• [SUPPLIED ENTRIES]:
lemma sum_alpha_components_le:
  assumes "symp E" "finite A" "A \<subseteq> V"
  shows "(\<Sum>P\<in>components E A. alpha V E P) \<le> alpha V E A"
proof -
  define C where "C = components E A"
  have C_sub: "\<And>P. P \<in> C \<Longrightarrow> P \<subseteq> A"
    unfolding C_def by (rule components_subset)
  have fin: "finite C" "\<And>P. P \<in> C \<Longrightarrow> finite P"
    using finite_components[OF assms(2)] finite_mem_components[OF assms(2)] unfolding C_def
    by blast+
  have "\<forall>P\<in>C. \<exists>J. J \<subseteq> P \<and> indep V E J \<and> card J = alpha V E P"
    using alpha_witness[OF fin(2)] by metis
  then obtain I where I: "\<And>P. P \<in> C \<Longrightarrow> I P \<subseteq> P \<and> indep V E (I P) \<and> card (I P) = alpha V E P"
    by metis
  have union_sub: "(\<Union>P\<in>C. I P) \<subseteq> A"
    using I C_sub by blast
  have "indep V E (\<Union>P\<in>C. I P)"
    unfolding indep_def
  proof (intro conjI ballI)
    show "(\<Union>P\<in>C. I P) \<subseteq> V"
      using union_sub assms(3) by (rule subset_trans)
  next
    fix u v assume "u \<in> (\<Union>P\<in>C. I P)" "v \<in> (\<Union>P\<in>C. I P)"
    then obtain P Q where PQ: "P \<in> C" "Q \<in> C" "u \<in> I P" "v \<in> I Q" by blast
    show "\<not> E u v"
    proof
      assume "E u v"
      moreover have "u \<in> P" "v \<in> Q"
        using PQ I by blast+
      ultimately have "P = Q"
        using components_eq_if_edge[OF assms(1)] PQ(1,2) unfolding C_def by blast
      then show False
        using \<open>E u v\<close> PQ I[OF PQ(1)] unfolding indep_def by blast
    qed
  qed
  then have "card (\<Union>P\<in>C. I P) \<le> alpha V E A"
    by (rule card_le_alpha[OF assms(2) union_sub])
  moreover have "card (\<Union>P\<in>C. I P) = (\<Sum>P\<in>C. card (I P))"
  proof (rule card_UN_disjoint[OF fin(1)])
    show "\<forall>P\<in>C. finite (I P)"
      using I fin(2) finite_subset by blast
    show "\<forall>P\<in>C. \<forall>Q\<in>C. P \<noteq> Q \<longrightarrow> I P \<inter> I Q = {}"
      using I components_eqI[OF assms(1)] unfolding C_def by blast
  qed
  moreover have "(\<Sum>P\<in>C. card (I P)) = (\<Sum>P\<in>C. alpha V E P)"
    using I by (intro sum.cong) auto
  ultimately show ?thesis unfolding C_def by simp
qed

lemma Conf_nonneg: "finite P \<Longrightarrow> 0 \<le> Conf V E P Y"
  unfolding Conf_def using alpha_mono[OF _ Diff_subset] by simp

lemma sum_Conf_components_le:
  assumes "symp E" "finite A" "A \<subseteq> V"
  shows "(\<Sum>P\<in>components E A. Conf V E P Y) \<le> Conf V E A Y"
proof -
  define C where "C = components E A"
  define N where "N = nbh V E Y"
  have "alpha V E (A - N) \<le> (\<Sum>P\<in>C. alpha V E (P \<inter> (A - N)))"
    using Union_components[of E A] finite_components[OF assms(2)] assms(2)
    unfolding C_def by (intro alpha_le_sum_cover) auto
  also have "\<dots> = (\<Sum>P\<in>C. alpha V E (P - N))"
  proof (intro sum.cong refl)
    fix P assume "P \<in> C"
    then have "P \<inter> (A - N) = P - N"
      using components_subset unfolding C_def by blast
    then show "alpha V E (P \<inter> (A - N)) = alpha V E (P - N)" by simp
  qed
  finally have "int (alpha V E (A - N)) \<le> (\<Sum>P\<in>C. int (alpha V E (P - N)))"
    by (simp flip: of_nat_sum)
  moreover have "(\<Sum>P\<in>C. int (alpha V E P)) \<le> int (alpha V E A)"
    using sum_alpha_components_le[OF assms] unfolding C_def by (simp flip: of_nat_sum)
  ultimately show ?thesis
    unfolding Conf_def C_def N_def by (simp add: sum_subtractf)
qed

lemma card_components_Conf_nonzero_le:
  assumes "symp E" "finite A" "A \<subseteq> V"
  shows "int (card {P \<in> components E A. Conf V E P Y \<noteq> 0}) \<le> Conf V E A Y"
proof -
  define C where "C = components E A"
  have fin: "finite C" "\<And>P. P \<in> C \<Longrightarrow> finite P"
    using finite_components[OF assms(2)] finite_mem_components[OF assms(2)] unfolding C_def
    by blast+
  have "int (card {P \<in> C. Conf V E P Y \<noteq> 0}) = (\<Sum>P\<in>{P \<in> C. Conf V E P Y \<noteq> 0}. 1)"
    by simp
  also have "\<dots> \<le> (\<Sum>P\<in>{P \<in> C. Conf V E P Y \<noteq> 0}. Conf V E P Y)"
  proof (rule sum_mono)
    fix P assume P: "P \<in> {P \<in> C. Conf V E P Y \<noteq> 0}"
    then have "0 \<le> Conf V E P Y"
      using Conf_nonneg fin(2) by blast
    with P show "1 \<le> Conf V E P Y" by simp
  qed
  also have "\<dots> \<le> (\<Sum>P\<in>C. Conf V E P Y)"
    by (rule sum_mono2[OF fin(1)]) (use Conf_nonneg fin(2) in blast)+
  also have "\<dots> \<le> Conf V E A Y"
    unfolding C_def by (rule sum_Conf_components_le[OF assms])
  finally show ?thesis unfolding C_def .
qed


definition triple_sets :: "'a set \<Rightarrow> 'a set set" where
  "triple_sets X = (\<lambda>(a, b, c). {a, b, c}) ` (X \<times> X \<times> X)"

lemma finite_triple_sets: "finite X \<Longrightarrow> finite (triple_sets X)"
  unfolding triple_sets_def by simp

lemma card_triple_sets_le:
  assumes "finite X"
  shows "card (triple_sets X) \<le> card X ^ 3"
proof -
  have "card (triple_sets X) \<le> card (X \<times> X \<times> X)"
    unfolding triple_sets_def by (rule card_image_le) (simp add: assms)
  then show ?thesis
    by (simp add: card_cartesian_product power3_eq_cube)
qed

lemma triple_setsI:
  assumes "Y \<subseteq> X" "1 \<le> card Y" "card Y \<le> 3"
  shows "Y \<in> triple_sets X"
proof -
  consider "card Y = 1" | "card Y = 2" | "card Y = 3"
    using assms(2,3) by linarith
  then obtain a b c where "Y = {a, b, c}"
  proof cases
    case 1
    then obtain a where "Y = {a}" by (rule card_1_singletonE)
    then have "Y = {a, a, a}" by simp
    then show ?thesis using that by blast
  next
    case 2
    then obtain a b where "Y = {a, b}" by (auto simp: card_2_iff)
    then have "Y = {a, b, b}" by simp
    then show ?thesis using that by blast
  next
    case 3
    then show ?thesis using that by (auto simp: card_3_iff)
  qed
  with assms(1) show ?thesis
    unfolding triple_sets_def by auto
qed

lemma nbh_anchor_triangle_in_triple_sets:
  assumes "anchor_triangle V E X P"
  shows "nbh V E P \<in> triple_sets X"
proof -
  obtain p1 p2 p3 x1 x2 x3 where P: "P \<in> components E (V - X)" "P = {p1, p2, p3}"
      and x: "x1 \<in> X" "x2 \<in> X" "x3 \<in> X"
      and n: "nbh V E {p1} = {p2, p3, x1}" "nbh V E {p2} = {p1, p3, x2}"
        "nbh V E {p3} = {p1, p2, x3}"
    using assms unfolding anchor_triangle_def by blast
  have "P \<inter> X = {}"
    using components_subset[OF P(1)] by blast
  moreover have "nbh V E P = (nbh V E {p1} \<union> nbh V E {p2} \<union> nbh V E {p3}) - P"
    unfolding nbh_def P(2) by blast
  ultimately have "nbh V E P = {x1, x2, x3}"
    using n x P(2) by auto
  with x show ?thesis
    unfolding triple_sets_def by (intro image_eqI[of _ _ "(x1, x2, x3)"]) auto
qed

lemma card_nonredundant_anchor_triangles_le:
  assumes "finite X"
  shows "card {P. nonredundant_anchor_triangle V E X P} \<le> card X ^ 3"
proof -
  have "card {P. nonredundant_anchor_triangle V E X P} \<le> card (triple_sets X)"
  proof (rule card_inj_on_le)
    show "inj_on (nbh V E) {P. nonredundant_anchor_triangle V E X P}"
      by (rule inj_onI) (auto simp: nonredundant_anchor_triangle_def)
    show "nbh V E ` {P. nonredundant_anchor_triangle V E X P} \<subseteq> triple_sets X"
      using nbh_anchor_triangle_in_triple_sets unfolding nonredundant_anchor_triangle_def by blast
    show "finite (triple_sets X)"
      using assms by (rule finite_triple_sets)
  qed
  with card_triple_sets_le[OF assms] show ?thesis by simp
qed

lemma chunks_subset_triple_sets: "{Y. chunk V E X Y} \<subseteq> triple_sets X"
  unfolding chunk_def by (auto intro: triple_setsI)

lemma card_chunks_le: "finite X \<Longrightarrow> card {Y. chunk V E X Y} \<le> card X ^ 3"
  using card_mono[OF finite_triple_sets chunks_subset_triple_sets] card_triple_sets_le
  by (rule order_trans)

• [PROBLEM]: Here the output must be the lines above from the line with "unfolding C_def by (intro" to the line with "N)) \<le> (\<Sum>P\<in>C.", both included, duplicated word for word and nothing else.

• [SOLUTION TO THIS PROBLEM]:
    unfolding C_def by (intro alpha_le_sum_cover) auto
  also have "\<dots> = (\<Sum>P\<in>C. alpha V E (P - N))"
  proof (intro sum.cong refl)
    fix P assume "P \<in> C"
    then have "P \<inter> (A - N) = P - N"
      using components_subset unfolding C_def by blast
    then show "alpha V E (P \<inter> (A - N)) = alpha V E (P - N)" by simp
  qed
  finally have "int (alpha V E (A - N)) \<le> (\<Sum>P\<in>C. int (alpha V E (P - N)))"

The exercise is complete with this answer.